> _What is needed_:
Your answer is a copy of every line in the records where "flip" appears.

Stored data
lemma poly_power_CHAR_eq_self_imp_const:
  fixes H :: "'a::field poly"
  assumes prime: "prime CHAR('a)" and "H ^ CHAR('a) = H"
  obtains k :: int where "H = [:of_int k:]"
proof -
  have "CHAR('a) * degree H = 0"
    using degree_power_minus_self[of "CHAR('a)" H] prime_ge_2_nat[OF prime] assms(2) by simp
  then obtain x where H: "H = [:x:]"
    using prime_gt_0_nat[OF prime] by (auto elim: degree_eq_zeroE)
  with assms(2) have "x ^ CHAR('a) = x" by (simp add: poly_const_pow)
  then have "x \<in> \<int>" by (rule power_CHAR_eq_self_imp_Ints[OF prime])
  then show ?thesis using H that by (auto elim: Ints_cases)
qed

lemma pcompose_as_sum: "f \<circ>\<^sub>p q = (\<Sum>i\<le>degree f. smult (coeff f i) (q ^ i))"
  by (simp add: pcompose_altdef poly_altdef degree_map_poly coeff_map_poly)

lemma coeff_linear_power_above:
  fixes a b :: "'a::comm_semiring_1"
  assumes "n < m"
  shows "coeff ([:b, a:] ^ n) m = 0"
proof (rule coeff_eq_0)
  have "degree ([:b, a:] ^ n) \<le> degree [:b, a:] * n" by (rule degree_power_le)
  also have "\<dots> \<le> n" by (simp add: degree_pCons_le)
  finally show "degree ([:b, a:] ^ n) < m" using assms by simp
qed

lemma
  fixes a b :: "'a::comm_semiring_1"
  shows coeff_linear_power_top: "coeff ([:b, a:] ^ n) n = a ^ n"
    and coeff_linear_power_below_top: "coeff ([:b, a:] ^ Suc n) n = of_nat (Suc n) * a ^ n * b"
proof -
  have step: "coeff ([:b, a:] ^ Suc k) (Suc m) = b * coeff ([:b, a:] ^ k) (Suc m) + a * coeff ([:b, a:] ^ k) m"
    for k m by simp
  show top: "coeff ([:b, a:] ^ n) n = a ^ n" for n
    by (induction n) (simp_all only: step coeff_linear_power_above lessI, simp_all)
  show "coeff ([:b, a:] ^ Suc n) n = of_nat (Suc n) * a ^ n * b"
    by (induction n) (simp_all only: step top, simp_all add: algebra_simps)
qed

lemma coeff_pcompose_linear_below_degree:
  fixes a b :: "'a::comm_semiring_1"
  assumes "degree f = Suc n"
  shows "coeff (f \<circ>\<^sub>p [:b, a:]) n = a ^ n * (coeff f n + of_nat (Suc n) * b * lead_coeff f)"
proof -
  have "coeff (f \<circ>\<^sub>p [:b, a:]) n =
      (\<Sum>i<n. coeff f i * coeff ([:b, a:] ^ i) n) + coeff f n * coeff ([:b, a:] ^ n) n
      + lead_coeff f * coeff ([:b, a:] ^ Suc n) n"
    by (simp add: pcompose_as_sum coeff_sum assms lessThan_Suc_atMost [symmetric])
  moreover have "(\<Sum>i<n. coeff f i * coeff ([:b, a:] ^ i) n) = 0"
    by (intro sum.neutral) (simp add: coeff_linear_power_above)
  ultimately show ?thesis
    unfolding coeff_linear_power_top coeff_linear_power_below_top by (simp add: algebra_simps)
qed

lemma order_power: "P \<noteq> 0 \<Longrightarrow> order x (P ^ n) = n * order x P"
  by (induction n) (simp_all add: order_mult order_0I)

lemma order_linear_poly_root:
  fixes c e :: "'a::field"
  assumes "c \<noteq> 0"
  shows "order (- e / c) [:e, c:] = 1"
proof -
  have "[:e, c:] = smult c [:- (- e / c), 1:]" using assms by simp
  then show ?thesis
    using assms order_power_n_n[of "- e / c" 1] by (simp add: order_smult del: smult_pCons)
qed

lemma rat_of_poly_eq_to_fract: "rat_of_poly = to_fract"
  by (simp add: fun_eq_iff rat_of_poly_def to_fract_def)

lemma to_fract_of_int: "to_fract (of_int k) = of_int k"
  by (induction k rule: int_induct[where k = 0]) simp_all

lemma to_fract_power: "to_fract (x ^ n) = to_fract x ^ n"
  by (induction n) simp_all

lemma to_fract_smult_of_int: "to_fract (smult (of_int k) P) = of_int k * to_fract P"
proof -
  have "smult (of_int k) P = of_int k * P" by (simp add: of_int_poly)
  then show ?thesis by (simp add: to_fract_of_int)
qed

lemma Fract_power: "Fract a b ^ n = Fract (a ^ n) (b ^ n)"
  by (induction n) (simp_all add: One_fract_def)

lemma Fract_cases_no_common_root:
  fixes h :: "'a::field poly fract"
  obtains N D where "h = Fract N D" and "D \<noteq> 0" and "\<And>x. poly N x = 0 \<Longrightarrow> poly D x \<noteq> 0"
proof -
  have lowest_terms: "\<exists>N D. h = Fract N D \<and> D \<noteq> 0 \<and> (\<forall>x. poly N x = 0 \<longrightarrow> poly D x \<noteq> 0)"
    if "h = Fract N D" "D \<noteq> 0" for N D
    using that
  proof (induction "degree D" arbitrary: N D rule: less_induct)
    case less
    show ?case
    proof (cases "\<exists>x. poly N x = 0 \<and> poly D x = 0")
      case True
      then obtain x N' D' where N: "N = [:-x, 1:] * N'" and D: "D = [:-x, 1:] * D'"
        by (meson dvdE poly_eq_0_iff_dvd)
      have "D' \<noteq> 0" using D less.prems(2) by auto
      moreover have "h = Fract N' D'"
        unfolding less.prems(1) N D by (rule mult_fract_cancel) simp
      moreover have "degree D' < degree D"
        unfolding D using \<open>D' \<noteq> 0\<close> by (subst degree_mult_eq) auto
      ultimately show ?thesis using less.hyps by blast
    next
      case False
      then show ?thesis using less.prems by blast
    qed
  qed
  obtain N D where "h = Fract N D" "D \<noteq> 0" by (cases h rule: Fract_cases)
  then show ?thesis using lowest_terms that by blast
qed

lemma Fract_power_minus_self:
  fixes N D :: "'a::idom"
  assumes "D \<noteq> 0" and "0 < p"
  shows "Fract N D ^ p - Fract N D = Fract (N ^ p - N * D ^ (p - 1)) (D ^ p)"
proof -
  have "D ^ p = D ^ (p - 1) * D" using assms(2) by (simp flip: power_Suc2)
  then show ?thesis using assms(1) by (simp add: Fract_power eq_fract algebra_simps)
qed

lemma power_minus_self_poly_imp_poly:
  fixes h :: "'a::alg_closed_field poly fract"
  assumes "2 \<le> p" and "h ^ p - h = to_fract P"
  obtains H where "h = to_fract H"
proof -
  obtain N D where h: "h = Fract N D" and "D \<noteq> 0"
    and no_common_root: "\<And>x. poly N x = 0 \<Longrightarrow> poly D x \<noteq> 0"
    using Fract_cases_no_common_root[of h] by blast
  have "Fract (N ^ p - N * D ^ (p - 1)) (D ^ p) = Fract P 1"
    using assms \<open>D \<noteq> 0\<close> by (simp add: h Fract_power_minus_self to_fract_def)
  then have Np: "N ^ p = P * D ^ p + N * D ^ (p - 1)"
    using \<open>D \<noteq> 0\<close> by (simp add: eq_fract algebra_simps)
  have "degree D = 0"
  proof (rule ccontr)
    assume "degree D \<noteq> 0"
    then obtain x where "poly D x = 0" using alg_closed_imp_poly_has_root by blast
    moreover from this have "poly N x = 0"
      using arg_cong[OF Np, of "\<lambda>Q. poly Q x"] assms(1) by (simp add: poly_power zero_power)
    ultimately show False using no_common_root by blast
  qed
  then obtain d where "D = [:d:]" by (rule degree_eq_zeroE)
  with \<open>D \<noteq> 0\<close> have "h = to_fract (smult (inverse d) N)"
    by (simp add: h to_fract_def eq_fract)
  then show ?thesis by (rule that)
qed

definition mobius_numerator :: "'a::comm_ring_1 \<Rightarrow> 'a \<Rightarrow> 'a \<Rightarrow> 'a \<Rightarrow> 'a poly \<Rightarrow> 'a poly" where
  "mobius_numerator a b c e P =
     (\<Sum>i\<le>degree P. smult (coeff P i) ([:b, a:] ^ i * [:e, c:] ^ (degree P - i)))"

lemma mobius_subst_poly_eq_Fract:
  "mobius_subst_poly a b c e P = Fract (mobius_numerator a b c e P) ([:e, c:] ^ degree P)"
  by (simp add: mobius_subst_poly_def mobius_numerator_def)

lemma poly_mobius_numerator_pole:
  fixes a b c e :: "'a::field"
  assumes "c \<noteq> 0"
  shows "poly (mobius_numerator a b c e P) (- e / c) = lead_coeff P * poly [:b, a:] (- e / c) ^ degree P"
proof -
  have "poly (mobius_numerator a b c e P) (- e / c) =
      (\<Sum>i\<le>degree P. if i = degree P then lead_coeff P * poly [:b, a:] (- e / c) ^ degree P else 0)"
    unfolding mobius_numerator_def poly_sum using assms
    by (intro sum.cong) (auto simp: poly_power zero_power)
  then show ?thesis by simp
qed

lemma mobius_subst_poly_affine:
  fixes a b e :: "'a::field"
  assumes "e \<noteq> 0"
  shows "mobius_subst_poly a b 0 e P = to_fract (P \<circ>\<^sub>p [:b / e, a / e:])"
proof -
  have "mobius_numerator a b 0 e P = [:e ^ degree P:] * (P \<circ>\<^sub>p [:b / e, a / e:])"
    unfolding mobius_numerator_def pcompose_as_sum sum_distrib_left
  proof (rule sum.cong)
    fix i assume "i \<in> {..degree P}"
    then have "e ^ degree P = e ^ i * e ^ (degree P - i)" by (simp flip: power_add)
    moreover have "[:b, a:] ^ i = smult (e ^ i) ([:b / e, a / e:] ^ i)"
      using assms by (simp flip: smult_power)
    ultimately show "smult (coeff P i) ([:b, a:] ^ i * [:e, 0:] ^ (degree P - i)) =
        [:e ^ degree P:] * smult (coeff P i) ([:b / e, a / e:] ^ i)"
      by (simp add: smult_power poly_const_pow mult_ac)
  qed simp
  then show ?thesis using assms
    by (simp add: mobius_subst_poly_eq_Fract to_fract_def eq_fract poly_const_pow)
qed

lemma transforms_Fract_cleared:
  fixes f f' N D :: "'a::field poly"
  assumes "transforms p a b c e lam (Fract N D) f f'" and "D \<noteq> 0" and "0 < p"
  shows "mobius_numerator a b c e f * D ^ p =
    (smult (of_int lam) f' * D ^ p + N ^ p - N * D ^ (p - 1)) * [:e, c:] ^ degree f"
proof -
  have "[:e, c:] ^ degree f \<noteq> 0" and "D ^ p \<noteq> 0"
    using assms(1,2) by (auto simp: transforms_def)
  have "of_int lam * rat_of_poly f' = Fract (smult (of_int lam) f') 1"
    by (simp add: rat_of_poly_eq_to_fract flip: to_fract_smult_of_int) (simp add: to_fract_def)
  then have "Fract (mobius_numerator a b c e f) ([:e, c:] ^ degree f) =
      Fract (smult (of_int lam) f' * D ^ p + N ^ p - N * D ^ (p - 1)) (D ^ p)"
    using assms by (simp add: transforms_def mobius_subst_poly_eq_Fract Fract_power_minus_self
        flip: add_diff_eq)
  with \<open>[:e, c:] ^ degree f \<noteq> 0\<close> \<open>D ^ p \<noteq> 0\<close> show ?thesis
    by (simp add: eq_fract mult.commute)
qed

lemma transforms_fixes_infinity:
  fixes f f' :: "'a::field poly"
  assumes tr: "transforms p a b c e lam h f f'" and "2 \<le> p" and "\<not> p dvd degree f"
  shows "c = 0"
proof (rule ccontr)
  assume "c \<noteq> 0"
  define x where "x = - e / c"
  obtain N D where h: "h = Fract N D" and "D \<noteq> 0"
    and no_common_root: "\<And>x. poly N x = 0 \<Longrightarrow> poly D x \<noteq> 0"
    using Fract_cases_no_common_root[of h] by blast
  define S where "S = mobius_numerator a b c e f"
  define T where "T = smult (of_int lam) f' * D ^ p + N ^ p - N * D ^ (p - 1)"
  have cleared: "S * D ^ p = T * [:e, c:] ^ degree f"
    using transforms_Fract_cleared[of p a b c e lam N D f f'] tr h \<open>D \<noteq> 0\<close> assms(2)
    by (simp add: S_def T_def)
  have "poly [:b, a:] x \<noteq> 0"
    using tr \<open>c \<noteq> 0\<close> by (auto simp: transforms_def x_def field_simps)
  moreover have "f \<noteq> 0" using assms(3) by auto
  ultimately have "poly S x \<noteq> 0"
    using poly_mobius_numerator_pole[OF \<open>c \<noteq> 0\<close>] by (simp add: S_def x_def)
  then have "S * D ^ p \<noteq> 0" using \<open>D \<noteq> 0\<close> by auto
  then have "T \<noteq> 0" using cleared by auto
  have "order x [:e, c:] = 1"
    unfolding x_def using \<open>c \<noteq> 0\<close> by (rule order_linear_poly_root)
  then have orders: "p * order x D = order x T + degree f"
    using arg_cong[OF cleared, of "order x"] \<open>S * D ^ p \<noteq> 0\<close> \<open>T \<noteq> 0\<close> \<open>D \<noteq> 0\<close> \<open>poly S x \<noteq> 0\<close> \<open>c \<noteq> 0\<close>
    by (simp add: order_mult order_power order_0I)
  show False
  proof (cases "poly D x = 0")
    case True
    then have "poly T x \<noteq> 0"
      using no_common_root[of x] assms(2) by (auto simp: T_def poly_power zero_power)
    then have "order x T = 0" by (rule order_0I)
    then show False using orders assms(3) by (metis add_0 dvd_triv_left)
  next
    case False
    then have "order x D = 0" by (rule order_0I)
    then show False using orders assms(3) by simp
  qed
qed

> _Task output_:
  have "D ^ p = D ^ (p - 1) * D" using assms(2) by (simp flip: power_Suc2)
    then have "e ^ degree P = e ^ i * e ^ (degree P - i)" by (simp flip: power_add)
      using assms by (simp flip: smult_power)
    by (simp add: rat_of_poly_eq_to_fract flip: to_fract_smult_of_int) (simp add: to_fract_def)
        flip: add_diff_eq)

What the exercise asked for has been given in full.